(Beginning of Data excerpts)
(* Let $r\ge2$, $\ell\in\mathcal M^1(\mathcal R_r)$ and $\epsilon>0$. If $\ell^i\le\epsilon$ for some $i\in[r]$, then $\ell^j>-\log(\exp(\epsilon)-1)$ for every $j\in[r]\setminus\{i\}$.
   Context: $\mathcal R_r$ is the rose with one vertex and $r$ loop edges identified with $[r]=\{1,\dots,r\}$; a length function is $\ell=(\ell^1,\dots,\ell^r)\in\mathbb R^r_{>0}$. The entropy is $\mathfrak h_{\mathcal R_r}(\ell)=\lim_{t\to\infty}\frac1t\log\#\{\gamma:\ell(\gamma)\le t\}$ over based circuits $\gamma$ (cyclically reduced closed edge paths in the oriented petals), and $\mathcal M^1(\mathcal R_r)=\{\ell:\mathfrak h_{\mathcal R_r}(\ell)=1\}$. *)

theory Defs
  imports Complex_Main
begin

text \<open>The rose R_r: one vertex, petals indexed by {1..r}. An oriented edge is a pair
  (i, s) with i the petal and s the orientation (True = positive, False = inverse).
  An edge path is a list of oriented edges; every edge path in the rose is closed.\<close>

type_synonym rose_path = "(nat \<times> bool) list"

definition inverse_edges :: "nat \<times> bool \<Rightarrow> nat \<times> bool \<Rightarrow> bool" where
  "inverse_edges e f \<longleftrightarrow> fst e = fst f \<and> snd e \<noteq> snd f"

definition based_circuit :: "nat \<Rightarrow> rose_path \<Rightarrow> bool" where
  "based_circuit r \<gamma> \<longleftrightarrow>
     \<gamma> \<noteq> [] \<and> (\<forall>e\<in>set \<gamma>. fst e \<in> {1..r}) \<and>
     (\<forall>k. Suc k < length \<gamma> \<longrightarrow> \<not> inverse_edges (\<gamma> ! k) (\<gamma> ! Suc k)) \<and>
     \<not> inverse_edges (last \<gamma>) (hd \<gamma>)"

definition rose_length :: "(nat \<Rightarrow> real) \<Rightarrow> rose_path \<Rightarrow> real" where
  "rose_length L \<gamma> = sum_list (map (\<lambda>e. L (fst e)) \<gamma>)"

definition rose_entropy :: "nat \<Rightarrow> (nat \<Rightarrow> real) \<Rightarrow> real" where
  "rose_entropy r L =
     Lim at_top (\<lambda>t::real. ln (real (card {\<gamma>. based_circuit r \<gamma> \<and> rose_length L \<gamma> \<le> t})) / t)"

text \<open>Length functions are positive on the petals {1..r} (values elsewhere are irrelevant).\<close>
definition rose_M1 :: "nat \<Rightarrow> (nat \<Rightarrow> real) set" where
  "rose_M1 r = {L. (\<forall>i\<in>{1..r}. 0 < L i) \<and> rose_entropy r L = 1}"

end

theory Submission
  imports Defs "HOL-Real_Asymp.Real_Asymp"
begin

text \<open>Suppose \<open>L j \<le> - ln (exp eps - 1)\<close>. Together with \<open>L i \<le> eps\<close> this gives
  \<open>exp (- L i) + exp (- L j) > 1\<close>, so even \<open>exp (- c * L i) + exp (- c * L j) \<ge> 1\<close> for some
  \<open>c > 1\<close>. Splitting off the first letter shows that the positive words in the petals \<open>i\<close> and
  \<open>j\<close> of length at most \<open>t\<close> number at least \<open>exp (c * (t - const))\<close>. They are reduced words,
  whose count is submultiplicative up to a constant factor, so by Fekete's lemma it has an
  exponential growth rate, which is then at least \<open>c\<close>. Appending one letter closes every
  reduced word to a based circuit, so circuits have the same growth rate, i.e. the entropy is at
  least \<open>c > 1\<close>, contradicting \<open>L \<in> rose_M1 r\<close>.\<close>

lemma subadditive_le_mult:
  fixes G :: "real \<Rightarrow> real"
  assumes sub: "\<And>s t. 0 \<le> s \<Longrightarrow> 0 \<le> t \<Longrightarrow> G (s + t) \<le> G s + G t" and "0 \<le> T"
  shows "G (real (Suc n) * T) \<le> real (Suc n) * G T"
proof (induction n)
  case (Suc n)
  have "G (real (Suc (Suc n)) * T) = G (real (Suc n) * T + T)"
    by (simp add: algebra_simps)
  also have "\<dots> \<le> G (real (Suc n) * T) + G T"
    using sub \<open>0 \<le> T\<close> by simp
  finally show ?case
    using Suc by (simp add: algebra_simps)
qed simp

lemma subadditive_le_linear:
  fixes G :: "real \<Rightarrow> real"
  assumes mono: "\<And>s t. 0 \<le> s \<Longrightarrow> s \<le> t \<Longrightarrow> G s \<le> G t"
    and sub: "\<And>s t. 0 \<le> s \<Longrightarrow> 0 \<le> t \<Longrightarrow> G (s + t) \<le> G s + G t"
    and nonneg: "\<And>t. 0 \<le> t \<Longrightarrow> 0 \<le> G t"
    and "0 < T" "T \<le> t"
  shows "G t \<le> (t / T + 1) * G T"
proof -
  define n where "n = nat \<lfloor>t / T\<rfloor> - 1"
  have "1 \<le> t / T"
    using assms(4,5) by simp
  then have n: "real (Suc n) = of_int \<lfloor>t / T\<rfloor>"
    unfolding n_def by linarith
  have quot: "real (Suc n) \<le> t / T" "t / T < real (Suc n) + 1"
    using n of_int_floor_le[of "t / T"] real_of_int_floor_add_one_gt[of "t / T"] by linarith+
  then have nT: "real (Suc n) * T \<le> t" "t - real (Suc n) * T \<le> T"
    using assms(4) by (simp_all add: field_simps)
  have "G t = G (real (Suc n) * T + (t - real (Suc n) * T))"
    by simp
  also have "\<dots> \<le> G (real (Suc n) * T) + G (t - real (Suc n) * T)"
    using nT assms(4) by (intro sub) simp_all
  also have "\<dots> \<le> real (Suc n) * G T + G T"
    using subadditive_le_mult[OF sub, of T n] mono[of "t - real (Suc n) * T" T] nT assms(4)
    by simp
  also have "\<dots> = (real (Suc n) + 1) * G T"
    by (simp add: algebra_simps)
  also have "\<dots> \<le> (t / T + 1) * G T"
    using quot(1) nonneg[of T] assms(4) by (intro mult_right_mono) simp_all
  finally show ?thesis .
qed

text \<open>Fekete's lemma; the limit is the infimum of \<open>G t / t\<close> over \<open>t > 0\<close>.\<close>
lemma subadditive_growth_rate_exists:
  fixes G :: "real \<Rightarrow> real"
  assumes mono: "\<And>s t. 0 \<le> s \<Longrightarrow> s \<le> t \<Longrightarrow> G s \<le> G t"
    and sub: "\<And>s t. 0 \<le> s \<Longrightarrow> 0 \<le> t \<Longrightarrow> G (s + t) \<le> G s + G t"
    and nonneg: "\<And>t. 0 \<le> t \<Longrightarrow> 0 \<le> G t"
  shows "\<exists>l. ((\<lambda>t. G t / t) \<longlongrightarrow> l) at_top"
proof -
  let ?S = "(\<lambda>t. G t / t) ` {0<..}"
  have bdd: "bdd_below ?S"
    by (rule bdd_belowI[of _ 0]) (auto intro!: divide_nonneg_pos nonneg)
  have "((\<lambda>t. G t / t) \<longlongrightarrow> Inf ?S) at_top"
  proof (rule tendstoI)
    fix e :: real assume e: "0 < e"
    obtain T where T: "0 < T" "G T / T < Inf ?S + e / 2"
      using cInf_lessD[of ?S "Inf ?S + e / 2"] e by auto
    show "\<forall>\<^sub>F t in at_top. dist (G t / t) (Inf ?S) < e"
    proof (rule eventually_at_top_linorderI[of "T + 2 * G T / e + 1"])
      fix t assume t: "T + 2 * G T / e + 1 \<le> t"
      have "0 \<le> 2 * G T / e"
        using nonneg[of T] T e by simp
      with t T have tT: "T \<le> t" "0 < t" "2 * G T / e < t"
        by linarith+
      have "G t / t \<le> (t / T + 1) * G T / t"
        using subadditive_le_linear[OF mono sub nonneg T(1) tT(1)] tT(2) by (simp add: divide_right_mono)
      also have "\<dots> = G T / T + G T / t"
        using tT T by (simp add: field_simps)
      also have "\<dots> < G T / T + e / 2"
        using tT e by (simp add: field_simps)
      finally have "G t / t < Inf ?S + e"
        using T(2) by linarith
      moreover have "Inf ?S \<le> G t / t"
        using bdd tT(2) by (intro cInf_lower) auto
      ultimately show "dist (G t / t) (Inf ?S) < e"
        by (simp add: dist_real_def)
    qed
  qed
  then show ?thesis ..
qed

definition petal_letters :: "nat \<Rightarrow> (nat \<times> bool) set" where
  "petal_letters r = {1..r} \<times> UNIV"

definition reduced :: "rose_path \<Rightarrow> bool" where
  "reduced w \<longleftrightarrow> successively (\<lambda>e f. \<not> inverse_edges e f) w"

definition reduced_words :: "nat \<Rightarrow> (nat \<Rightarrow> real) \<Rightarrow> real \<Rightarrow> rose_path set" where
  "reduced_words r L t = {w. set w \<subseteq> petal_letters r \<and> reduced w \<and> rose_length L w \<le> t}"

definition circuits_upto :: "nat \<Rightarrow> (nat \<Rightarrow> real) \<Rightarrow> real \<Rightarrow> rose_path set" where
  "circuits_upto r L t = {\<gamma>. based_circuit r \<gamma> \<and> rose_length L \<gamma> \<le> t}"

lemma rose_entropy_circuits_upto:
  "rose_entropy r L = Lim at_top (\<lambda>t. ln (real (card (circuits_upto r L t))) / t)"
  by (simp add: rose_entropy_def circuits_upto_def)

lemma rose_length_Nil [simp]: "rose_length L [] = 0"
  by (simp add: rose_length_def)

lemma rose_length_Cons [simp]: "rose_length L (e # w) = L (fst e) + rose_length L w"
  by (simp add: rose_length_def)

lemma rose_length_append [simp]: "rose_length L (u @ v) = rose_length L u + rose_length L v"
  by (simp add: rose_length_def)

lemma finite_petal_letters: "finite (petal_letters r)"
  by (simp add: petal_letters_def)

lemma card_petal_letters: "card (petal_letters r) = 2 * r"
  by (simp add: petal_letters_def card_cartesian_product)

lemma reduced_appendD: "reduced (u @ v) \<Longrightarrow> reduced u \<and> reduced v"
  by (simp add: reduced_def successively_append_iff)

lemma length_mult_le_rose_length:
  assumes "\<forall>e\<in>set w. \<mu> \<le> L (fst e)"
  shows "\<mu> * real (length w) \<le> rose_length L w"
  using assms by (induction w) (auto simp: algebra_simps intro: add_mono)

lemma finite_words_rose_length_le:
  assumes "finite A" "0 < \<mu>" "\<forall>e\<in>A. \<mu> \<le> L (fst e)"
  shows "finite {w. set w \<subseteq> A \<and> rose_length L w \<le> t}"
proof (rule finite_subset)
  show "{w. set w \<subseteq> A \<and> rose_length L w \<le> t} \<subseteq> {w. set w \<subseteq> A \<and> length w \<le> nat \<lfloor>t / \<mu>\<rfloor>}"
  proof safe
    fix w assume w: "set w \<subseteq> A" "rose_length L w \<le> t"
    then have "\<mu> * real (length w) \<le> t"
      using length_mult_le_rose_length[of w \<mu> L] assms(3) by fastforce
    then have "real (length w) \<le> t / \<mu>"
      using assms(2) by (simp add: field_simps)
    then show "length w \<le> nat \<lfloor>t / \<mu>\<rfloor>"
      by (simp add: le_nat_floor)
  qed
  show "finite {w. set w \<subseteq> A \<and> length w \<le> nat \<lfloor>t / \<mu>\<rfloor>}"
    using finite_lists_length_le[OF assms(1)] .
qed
(End of Data excerpts)
(Beginning of Data excerpts)
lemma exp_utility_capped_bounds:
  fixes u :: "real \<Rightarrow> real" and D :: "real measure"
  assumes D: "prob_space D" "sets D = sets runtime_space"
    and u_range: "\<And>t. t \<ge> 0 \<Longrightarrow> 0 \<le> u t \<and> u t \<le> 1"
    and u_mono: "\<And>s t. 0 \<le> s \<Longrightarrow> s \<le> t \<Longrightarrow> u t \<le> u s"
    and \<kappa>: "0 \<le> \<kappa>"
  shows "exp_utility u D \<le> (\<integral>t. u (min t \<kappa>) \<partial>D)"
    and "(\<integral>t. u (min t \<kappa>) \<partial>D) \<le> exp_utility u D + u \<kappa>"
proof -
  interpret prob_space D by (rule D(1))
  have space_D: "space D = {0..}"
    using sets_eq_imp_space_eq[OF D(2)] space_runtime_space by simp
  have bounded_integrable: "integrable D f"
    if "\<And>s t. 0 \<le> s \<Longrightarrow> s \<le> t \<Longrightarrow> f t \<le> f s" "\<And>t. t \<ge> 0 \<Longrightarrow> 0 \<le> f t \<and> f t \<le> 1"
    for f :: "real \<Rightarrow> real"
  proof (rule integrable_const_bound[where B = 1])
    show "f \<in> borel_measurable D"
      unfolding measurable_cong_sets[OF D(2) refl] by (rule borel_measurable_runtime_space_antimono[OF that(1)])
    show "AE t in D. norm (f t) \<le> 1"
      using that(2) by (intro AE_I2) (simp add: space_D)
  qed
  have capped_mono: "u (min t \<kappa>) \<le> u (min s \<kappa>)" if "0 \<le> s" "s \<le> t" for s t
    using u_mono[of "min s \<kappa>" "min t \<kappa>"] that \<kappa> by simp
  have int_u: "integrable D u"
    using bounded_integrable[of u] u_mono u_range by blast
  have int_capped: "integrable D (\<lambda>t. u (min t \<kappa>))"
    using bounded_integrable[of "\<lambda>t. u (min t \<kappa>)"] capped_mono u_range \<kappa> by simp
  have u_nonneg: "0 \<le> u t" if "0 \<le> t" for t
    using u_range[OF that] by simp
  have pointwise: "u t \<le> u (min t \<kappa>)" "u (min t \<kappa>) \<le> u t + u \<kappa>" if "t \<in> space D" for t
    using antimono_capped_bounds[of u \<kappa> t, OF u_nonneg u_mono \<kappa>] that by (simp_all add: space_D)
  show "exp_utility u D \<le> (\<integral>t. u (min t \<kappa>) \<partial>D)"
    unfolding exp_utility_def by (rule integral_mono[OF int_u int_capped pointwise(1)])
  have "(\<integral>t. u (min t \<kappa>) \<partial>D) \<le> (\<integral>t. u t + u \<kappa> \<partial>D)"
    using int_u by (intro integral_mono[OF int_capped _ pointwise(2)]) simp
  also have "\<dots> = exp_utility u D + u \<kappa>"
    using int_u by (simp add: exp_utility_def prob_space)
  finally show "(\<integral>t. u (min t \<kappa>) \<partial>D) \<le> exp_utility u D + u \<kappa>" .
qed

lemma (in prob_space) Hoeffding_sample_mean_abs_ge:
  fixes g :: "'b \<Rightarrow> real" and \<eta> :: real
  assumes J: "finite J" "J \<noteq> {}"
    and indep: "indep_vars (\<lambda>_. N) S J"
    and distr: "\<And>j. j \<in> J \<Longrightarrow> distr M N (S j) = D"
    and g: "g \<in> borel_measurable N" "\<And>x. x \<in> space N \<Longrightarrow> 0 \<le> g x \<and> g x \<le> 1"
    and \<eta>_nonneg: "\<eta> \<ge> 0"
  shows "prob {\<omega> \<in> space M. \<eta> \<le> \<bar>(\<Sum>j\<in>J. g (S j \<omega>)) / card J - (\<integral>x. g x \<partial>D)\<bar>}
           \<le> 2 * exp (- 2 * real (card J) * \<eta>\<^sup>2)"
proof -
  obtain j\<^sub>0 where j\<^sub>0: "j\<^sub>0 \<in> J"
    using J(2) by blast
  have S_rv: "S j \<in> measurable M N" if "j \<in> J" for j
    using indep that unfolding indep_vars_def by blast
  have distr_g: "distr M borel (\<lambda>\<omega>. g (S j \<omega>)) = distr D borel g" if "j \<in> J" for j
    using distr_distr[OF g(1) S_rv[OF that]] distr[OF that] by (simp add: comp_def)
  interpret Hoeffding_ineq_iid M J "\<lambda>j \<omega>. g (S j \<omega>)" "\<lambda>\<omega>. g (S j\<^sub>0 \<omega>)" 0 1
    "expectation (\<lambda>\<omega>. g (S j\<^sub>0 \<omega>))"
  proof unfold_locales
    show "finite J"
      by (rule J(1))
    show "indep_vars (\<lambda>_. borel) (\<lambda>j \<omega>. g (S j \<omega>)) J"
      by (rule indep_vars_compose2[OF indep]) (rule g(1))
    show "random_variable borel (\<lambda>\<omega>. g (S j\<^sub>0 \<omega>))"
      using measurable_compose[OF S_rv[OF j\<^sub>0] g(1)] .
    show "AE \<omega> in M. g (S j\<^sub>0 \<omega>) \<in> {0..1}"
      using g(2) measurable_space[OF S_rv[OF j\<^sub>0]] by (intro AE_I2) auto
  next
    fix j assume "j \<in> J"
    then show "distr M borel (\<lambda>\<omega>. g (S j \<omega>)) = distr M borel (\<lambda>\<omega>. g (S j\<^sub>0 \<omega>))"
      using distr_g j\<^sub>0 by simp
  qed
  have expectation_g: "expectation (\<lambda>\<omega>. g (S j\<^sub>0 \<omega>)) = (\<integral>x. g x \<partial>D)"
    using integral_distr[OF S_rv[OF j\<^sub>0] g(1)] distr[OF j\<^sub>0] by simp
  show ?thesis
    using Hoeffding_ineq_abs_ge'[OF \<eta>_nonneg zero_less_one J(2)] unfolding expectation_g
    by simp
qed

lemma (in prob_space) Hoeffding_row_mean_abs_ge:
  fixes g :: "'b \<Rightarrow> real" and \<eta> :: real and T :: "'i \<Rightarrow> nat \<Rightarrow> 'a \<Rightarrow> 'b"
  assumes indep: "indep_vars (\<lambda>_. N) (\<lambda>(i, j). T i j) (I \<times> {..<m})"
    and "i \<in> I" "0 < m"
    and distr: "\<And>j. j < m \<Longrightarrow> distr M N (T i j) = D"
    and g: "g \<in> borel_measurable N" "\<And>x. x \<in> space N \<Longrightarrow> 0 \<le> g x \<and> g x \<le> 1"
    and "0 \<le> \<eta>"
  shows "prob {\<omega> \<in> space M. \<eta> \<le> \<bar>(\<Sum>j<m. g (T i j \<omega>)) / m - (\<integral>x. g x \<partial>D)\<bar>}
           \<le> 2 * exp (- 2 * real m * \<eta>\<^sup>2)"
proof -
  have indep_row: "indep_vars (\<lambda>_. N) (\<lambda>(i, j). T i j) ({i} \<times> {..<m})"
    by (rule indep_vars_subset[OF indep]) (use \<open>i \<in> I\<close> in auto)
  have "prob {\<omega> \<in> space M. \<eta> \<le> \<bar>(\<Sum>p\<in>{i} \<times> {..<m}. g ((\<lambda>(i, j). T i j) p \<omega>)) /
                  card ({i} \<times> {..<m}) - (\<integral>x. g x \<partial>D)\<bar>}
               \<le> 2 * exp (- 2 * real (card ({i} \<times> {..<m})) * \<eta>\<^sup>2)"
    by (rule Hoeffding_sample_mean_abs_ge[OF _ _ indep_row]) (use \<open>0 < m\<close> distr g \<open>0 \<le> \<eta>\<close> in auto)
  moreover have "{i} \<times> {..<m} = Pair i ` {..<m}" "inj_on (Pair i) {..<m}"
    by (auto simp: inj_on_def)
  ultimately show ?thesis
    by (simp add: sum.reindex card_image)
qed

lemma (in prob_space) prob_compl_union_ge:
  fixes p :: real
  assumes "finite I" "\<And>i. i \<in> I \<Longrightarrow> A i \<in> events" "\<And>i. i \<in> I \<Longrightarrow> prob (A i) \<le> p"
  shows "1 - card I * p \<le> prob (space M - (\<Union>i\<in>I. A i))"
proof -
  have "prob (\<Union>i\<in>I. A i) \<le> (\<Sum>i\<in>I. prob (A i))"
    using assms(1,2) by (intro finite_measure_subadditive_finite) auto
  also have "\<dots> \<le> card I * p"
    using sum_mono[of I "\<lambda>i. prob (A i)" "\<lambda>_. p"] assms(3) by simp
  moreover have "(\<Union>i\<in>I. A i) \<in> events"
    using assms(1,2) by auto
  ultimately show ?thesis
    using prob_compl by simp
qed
(End of Data excerpts)
Task instructions: Each line that holds the string "fixes" is to be copied from the entries above.

Answer for this exercise:
  fixes G :: "real \<Rightarrow> real"
  fixes G :: "real \<Rightarrow> real"
  fixes G :: "real \<Rightarrow> real"
  fixes u :: "real \<Rightarrow> real" and D :: "real measure"
  fixes g :: "'b \<Rightarrow> real" and \<eta> :: real
  fixes g :: "'b \<Rightarrow> real" and \<eta> :: real and T :: "'i \<Rightarrow> nat \<Rightarrow> 'a \<Rightarrow> 'b"
  fixes p :: real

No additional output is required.